WHAT TO WORK ON
Using the data that follows, return exactly the lines from the one that contains "from assms have" through the one that contains "fix x y u v", ends included.

Saved entries:

definition mu_q :: "(real^'n \<Rightarrow> ereal) \<Rightarrow> real^'n \<Rightarrow> ereal" where
  "mu_q q d = Lim (at_right (0::real)) (\<lambda>\<rho>.
      Inf {ereal (((d1s - d2s) \<bullet> (d1 - d2)) / (norm (d1 - d2))\<^sup>2) | d1 d2 d1s d2s.
             d1 \<in> cball d \<rho> \<and> d2 \<in> cball d \<rho> \<and> d1s \<in> subdiff q d1 \<and> d2s \<in> subdiff q d2
             \<and> d1 \<noteq> d2})"

end

theory Submission
  imports Defs
begin

(* For a unit vector s we have <J(x)\<^sup>T s, s> = <J(x) s, s> \<ge> mu_f(J x), so by Cauchy-Schwarz it
   suffices to show <u, s> \<ge> \<mu> for every u \<in> D\<^sup>* \<partial>q(d, ds)(s) and every \<mu> < mu_q(d).
   The subdifferential \<partial>q is maximal monotone (the proximal point y of q at v solves
   v - y \<in> \<partial>q(y)) and, by the definition of mu_q, \<mu>-strongly monotone on a ball around d.
   At a graph point (z, zs) near d, solving v - y \<in> \<partial>q(y) for v = z + zs + t h with t \<rightarrow> 0
   produces tangent directions (w, h - w) to the graph with \<mu> |w|\<^sup>2 \<le> <h - w, w>.  Testing a
   regular normal (a, c) against the direction given by h = a + (1 + 2\<mu>) c yields
   \<mu> |c|\<^sup>2 \<le> -<a, c>, and this bound passes to limiting normals (u, -s).  Only convexity and
   lower semicontinuity of q enter. *)

section \<open>Strongly monotone set-valued maps\<close>

definition strongly_monotone_on :: "'a::real_inner set \<Rightarrow> real \<Rightarrow> ('a \<Rightarrow> 'a set) \<Rightarrow> bool" where
  "strongly_monotone_on S \<mu> T \<longleftrightarrow>
     (\<forall>x\<in>S. \<forall>y\<in>S. \<forall>u\<in>T x. \<forall>v\<in>T y. \<mu> * (norm (x - y))\<^sup>2 \<le> (u - v) \<bullet> (x - y))"

lemma strongly_monotone_onD:
  "strongly_monotone_on S \<mu> T \<Longrightarrow> x \<in> S \<Longrightarrow> y \<in> S \<Longrightarrow> u \<in> T x \<Longrightarrow> v \<in> T y
    \<Longrightarrow> \<mu> * (norm (x - y))\<^sup>2 \<le> (u - v) \<bullet> (x - y)"
  unfolding strongly_monotone_on_def by blast

lemma strongly_monotone_on_subset:
  "strongly_monotone_on S \<mu> T \<Longrightarrow> S' \<subseteq> S \<Longrightarrow> strongly_monotone_on S' \<mu> T"
  unfolding strongly_monotone_on_def by blast

lemma subdiffE:
  assumes "v \<in> subdiff q d"
  obtains D where "q d = ereal D" "\<And>y. ereal (D + v \<bullet> (y - d)) \<le> q y"
proof -
  from assms have fin: "\<bar>q d\<bar> \<noteq> \<infinity>" and le: "\<And>y. q d + ereal (v \<bullet> (y - d)) \<le> q y"
    by (auto simp: subdiff_def split: if_splits)
  from fin obtain D where "q d = ereal D" by (cases "q d") auto
  with le that show ?thesis by simp
qed

lemma subdiff_monotone: "strongly_monotone_on UNIV 0 (subdiff q)"
  unfolding strongly_monotone_on_def
proof (intro ballI)
  fix x y u v assume u: "u \<in> subdiff q x" and v: "v \<in> subdiff q y"
  obtain X where X: "q x = ereal X" "\<And>z. ereal (X + u \<bullet> (z - x)) \<le> q z" using u by (elim subdiffE) blast
  obtain Y where Y: "q y = ereal Y" "\<And>z. ereal (Y + v \<bullet> (z - y)) \<le> q z" using v by (elim subdiffE) blast
  have "X + u \<bullet> (y - x) \<le> Y" "Y + v \<bullet> (x - y) \<le> X" using X Y by (metis ereal_less_eq(3))+
  then show "0 * (norm (x - y))\<^sup>2 \<le> (u - v) \<bullet> (x - y)"
    by (simp add: inner_diff_left inner_diff_right inner_commute)
qed

section \<open>Proximal points and maximal monotonicity of the subdifferential\<close>

lemma convex_efunD:
  assumes "convex_efun q" "q x \<le> ereal a" "q y \<le> ereal b" "0 \<le> t" "t \<le> 1"
  shows "q ((1 - t) *\<^sub>R x + t *\<^sub>R y) \<le> ereal ((1 - t) * a + t * b)"
proof -
  have "(1 - t) *\<^sub>R (x, a) + t *\<^sub>R (y, b) \<in> {(x, r::real). q x \<le> ereal r}"
    using assms by (intro convexD) (auto simp: convex_efun_def)
  then show ?thesis by simp
qed

lemma norm_diff_sq_along_segment:
  fixes y z v :: "'a::real_inner"
  shows "(norm ((1 - t) *\<^sub>R y + t *\<^sub>R z - v))\<^sup>2
    = (norm (y - v))\<^sup>2 - 2 * t * ((v - y) \<bullet> (z - y)) + t\<^sup>2 * (norm (z - y))\<^sup>2"
proof -
  have "(1 - t) *\<^sub>R y + t *\<^sub>R z - v = (y - v) + t *\<^sub>R (z - y)" by (simp add: algebra_simps)
  then show ?thesis
    unfolding power2_norm_eq_inner
    by (simp add: inner_add_left inner_add_right inner_diff_left inner_diff_right inner_commute
        power2_eq_square algebra_simps)
qed

lemma prox_minimizer_in_subdiff:
  fixes q :: "'a::real_inner \<Rightarrow> ereal"
  assumes cvx: "convex_efun q" and y: "q y = ereal Y"
    and min: "\<And>z. q y + ereal ((norm (y - v))\<^sup>2 / 2) \<le> q z + ereal ((norm (z - v))\<^sup>2 / 2)"
  shows "v - y \<in> subdiff q y"
proof -
  have "ereal (Y + (v - y) \<bullet> (z - y)) \<le> q z" for z
  proof (cases "q z")
    case (real Z)
    define g where "g = (v - y) \<bullet> (z - y)"
    have small: "Y + g - Z \<le> t * ((norm (z - y))\<^sup>2 / 2)" if t: "0 < t" "t \<le> 1" for t
    proof -
      define p where "p = (1 - t) *\<^sub>R y + t *\<^sub>R z"
      have "q p \<le> ereal ((1 - t) * Y + t * Z)"
        unfolding p_def using cvx y real t by (intro convex_efunD) auto
      then have "q y + ereal ((norm (y - v))\<^sup>2 / 2) \<le> ereal ((1 - t) * Y + t * Z) + ereal ((norm (p - v))\<^sup>2 / 2)"
        using min[of p] by (meson add_right_mono order.trans)
      then have "Y + (norm (y - v))\<^sup>2 / 2 \<le> (1 - t) * Y + t * Z + (norm (p - v))\<^sup>2 / 2"
        using y by simp
      moreover have "(1 - t) * Y + t * Z + ((norm (y - v))\<^sup>2 - 2 * t * g + t\<^sup>2 * (norm (z - y))\<^sup>2) / 2
          - (Y + (norm (y - v))\<^sup>2 / 2) = t * (t * ((norm (z - y))\<^sup>2 / 2)) - t * (Y + g - Z)"
        by (simp add: field_simps power2_eq_square)
      ultimately have "t * (Y + g - Z) \<le> t * (t * ((norm (z - y))\<^sup>2 / 2))"
        unfolding p_def norm_diff_sq_along_segment g_def by linarith
      then show ?thesis using t by simp
    qed
    have "Y + g - Z \<le> 0"
    proof (rule tendsto_le[OF trivial_limit_at_right_real])
      show "((\<lambda>t. t * ((norm (z - y))\<^sup>2 / 2)) \<longlongrightarrow> 0) (at_right 0)"
        by (auto intro!: tendsto_eq_intros)
      show "\<forall>\<^sub>F t in at_right 0. Y + g - Z \<le> t * ((norm (z - y))\<^sup>2 / 2)"
        unfolding eventually_at_right_field by (intro exI[of _ 1] conjI allI impI small) auto
    qed simp
    then show ?thesis using real by (simp add: g_def)
  qed (use min[of z] y in auto)
  then show ?thesis using y by (simp add: subdiff_def)
qed

lemma lsc_fun_le_limit:
  fixes q :: "'a::metric_space \<Rightarrow> ereal"
  assumes lsc: "lsc_fun q" and X: "X \<longlonglongrightarrow> y" and b: "b \<longlonglongrightarrow> B"
    and le: "\<forall>\<^sub>F k in sequentially. q (X k) \<le> ereal (b k)"
  shows "q y \<le> ereal B"
proof (rule ccontr)
  assume "\<not> q y \<le> ereal B"
  then obtain c where "ereal B < ereal c" "ereal c < q y" by (meson ereal_dense2 not_le)
  then have c: "B < c" "ereal c < q y" by simp_all
  have "ereal c < Liminf (at y) q" using c(2) lsc unfolding lsc_fun_def by (meson order.strict_trans2)
  then have "\<forall>\<^sub>F z in at y. ereal c < q z" by (rule less_LiminfD)
  with c(2) have "\<forall>\<^sub>F z in nhds y. ereal c < q z"
    unfolding eventually_at_filter by (auto elim: eventually_mono)
  then have "\<forall>\<^sub>F k in sequentially. ereal c < q (X k)" using X by (rule eventually_compose_filterlim)
  with le have "\<forall>\<^sub>F k in sequentially. c \<le> b k"
    by eventually_elim (meson ereal_less_eq(3) less_imp_le order.strict_trans2)
  then have "c \<le> B" using b by (intro tendsto_lowerbound) auto
  with c(1) show False by simp
qed

lemma half_sq_norm_diff_plus_inner:
  fixes z v p :: "'a::real_inner"
  shows "(norm (z - v))\<^sup>2 / 2 + p \<bullet> (z - v) = (norm (z - (v - p)))\<^sup>2 / 2 - (norm p)\<^sup>2 / 2"
  unfolding power2_norm_eq_inner
  by (simp add: inner_diff_left inner_diff_right inner_add_left inner_add_right inner_commute
      field_simps)

lemma prox_point_exists:
  fixes q :: "'a::euclidean_space \<Rightarrow> ereal"
  assumes lsc: "lsc_fun q" and ds: "ds \<in> subdiff q d"
  obtains y Y where "q y = ereal Y"
    "\<And>z. q y + ereal ((norm (y - v))\<^sup>2 / 2) \<le> q z + ereal ((norm (z - v))\<^sup>2 / 2)"
proof -
  obtain D where qd: "q d = ereal D" and minor: "\<And>z. ereal (D + ds \<bullet> (z - d)) \<le> q z"
    using ds by (elim subdiffE) blast
  define G where "G z = q z + ereal ((norm (z - v))\<^sup>2 / 2)" for z
  (* Completing the square in the affine minorant makes G coercive. *)
  define c where "c = D + ds \<bullet> (v - d) - (norm ds)\<^sup>2 / 2"
  have G_ge: "ereal (c + (norm (z - (v - ds)))\<^sup>2 / 2) \<le> G z" for z
  proof -
    have "c + (norm (z - (v - ds)))\<^sup>2 / 2 = D + ds \<bullet> (z - d) + (norm (z - v))\<^sup>2 / 2"
      using half_sq_norm_diff_plus_inner[of z v ds]
      by (simp add: c_def inner_diff_right algebra_simps)
    then show ?thesis unfolding G_def by (metis add_right_mono minor plus_ereal.simps(1))
  qed
  define m where "m = (INF z. G z)"
  have "ereal c \<le> m" unfolding m_def
  proof (rule INF_greatest)
    fix z
    have "ereal c \<le> ereal (c + (norm (z - (v - ds)))\<^sup>2 / 2)" by simp
    then show "ereal c \<le> G z" using G_ge by (rule order.trans)
  qed
  moreover have "m \<le> G d" unfolding m_def by (rule INF_lower) simp
  ultimately obtain M where M: "m = ereal M" by (cases m) (auto simp: G_def qd)
  have "\<exists>y. G y < ereal (M + 1 / Suc k)" for k
  proof -
    have "m < ereal (M + 1 / Suc k)" using M by simp
    then show ?thesis unfolding m_def by (simp add: INF_less_iff)
  qed
  then obtain yk where yk: "\<And>k. G (yk k) < ereal (M + 1 / Suc k)" by metis
  have "yk k \<in> cball (v - ds) (sqrt (2 * (M + 1 - c)))" for k
  proof -
    have "ereal (c + (norm (yk k - (v - ds)))\<^sup>2 / 2) \<le> G (yk k)" by (rule G_ge)
    also have "\<dots> < ereal (M + 1 / Suc k)" by (rule yk)
    also have "\<dots> \<le> ereal (M + 1)" by (simp add: divide_le_eq)
    finally have "(norm (yk k - (v - ds)))\<^sup>2 \<le> 2 * (M + 1 - c)" by simp
    then show ?thesis by (simp add: dist_norm norm_minus_commute real_le_rsqrt)
  qed
  then obtain y r where r: "strict_mono r" "(yk \<circ> r) \<longlonglongrightarrow> y"
    using compact_cball[THEN compact_imp_seq_compact, THEN seq_compactE] by metis
  have qy: "q y \<le> ereal (M - (norm (y - v))\<^sup>2 / 2)"
  proof (rule lsc_fun_le_limit[OF lsc r(2)])
    have "(\<lambda>k. 1 / real (Suc (r k))) \<longlonglongrightarrow> 0"
      using LIMSEQ_subseq_LIMSEQ[OF LIMSEQ_Suc[OF lim_1_over_n] r(1)] by (simp add: o_def)
    then have "(\<lambda>k. M + 1 / Suc (r k)) \<longlonglongrightarrow> M"
      using tendsto_add[OF tendsto_const] by fastforce
    moreover have "(\<lambda>k. (norm ((yk \<circ> r) k - v))\<^sup>2 / 2) \<longlonglongrightarrow> (norm (y - v))\<^sup>2 / 2"
      using r(2) by (intro tendsto_intros) (simp_all add: o_def)
    ultimately show "(\<lambda>k. M + 1 / Suc (r k) - (norm ((yk \<circ> r) k - v))\<^sup>2 / 2) \<longlonglongrightarrow> M - (norm (y - v))\<^sup>2 / 2"
      by (rule tendsto_diff)
    show "\<forall>\<^sub>F k in sequentially. q ((yk \<circ> r) k) \<le> ereal (M + 1 / Suc (r k) - (norm ((yk \<circ> r) k - v))\<^sup>2 / 2)"
    proof (intro always_eventually allI)
      fix k
      have "q (yk (r k)) + ereal ((norm (yk (r k) - v))\<^sup>2 / 2) < ereal (M + 1 / Suc (r k))"
        using yk unfolding G_def .
      then show "q ((yk \<circ> r) k) \<le> ereal (M + 1 / Suc (r k) - (norm ((yk \<circ> r) k - v))\<^sup>2 / 2)"
        by (cases "q (yk (r k))") auto
    qed
  qed
  obtain Y where Y: "q y = ereal Y"
    using qy minor[of y] by (cases "q y") auto
  moreover have "G y \<le> G z" for z
  proof -
    have "G y \<le> m" using qy Y by (simp add: G_def M)
    also have "m \<le> G z" unfolding m_def by (rule INF_lower) simp
    finally show ?thesis .
  qed
  ultimately show ?thesis using that unfolding G_def by blast
qed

RESULT OF THE EXERCISE
  from assms have fin: "\<bar>q d\<bar> \<noteq> \<infinity>" and le: "\<And>y. q d + ereal (v \<bullet> (y - d)) \<le> q y"
    by (auto simp: subdiff_def split: if_splits)
  from fin obtain D where "q d = ereal D" by (cases "q d") auto
  with le that show ?thesis by simp
qed

lemma subdiff_monotone: "strongly_monotone_on UNIV 0 (subdiff q)"
  unfolding strongly_monotone_on_def
proof (intro ballI)
  fix x y u v assume u: "u \<in> subdiff q x" and v: "v \<in> subdiff q y"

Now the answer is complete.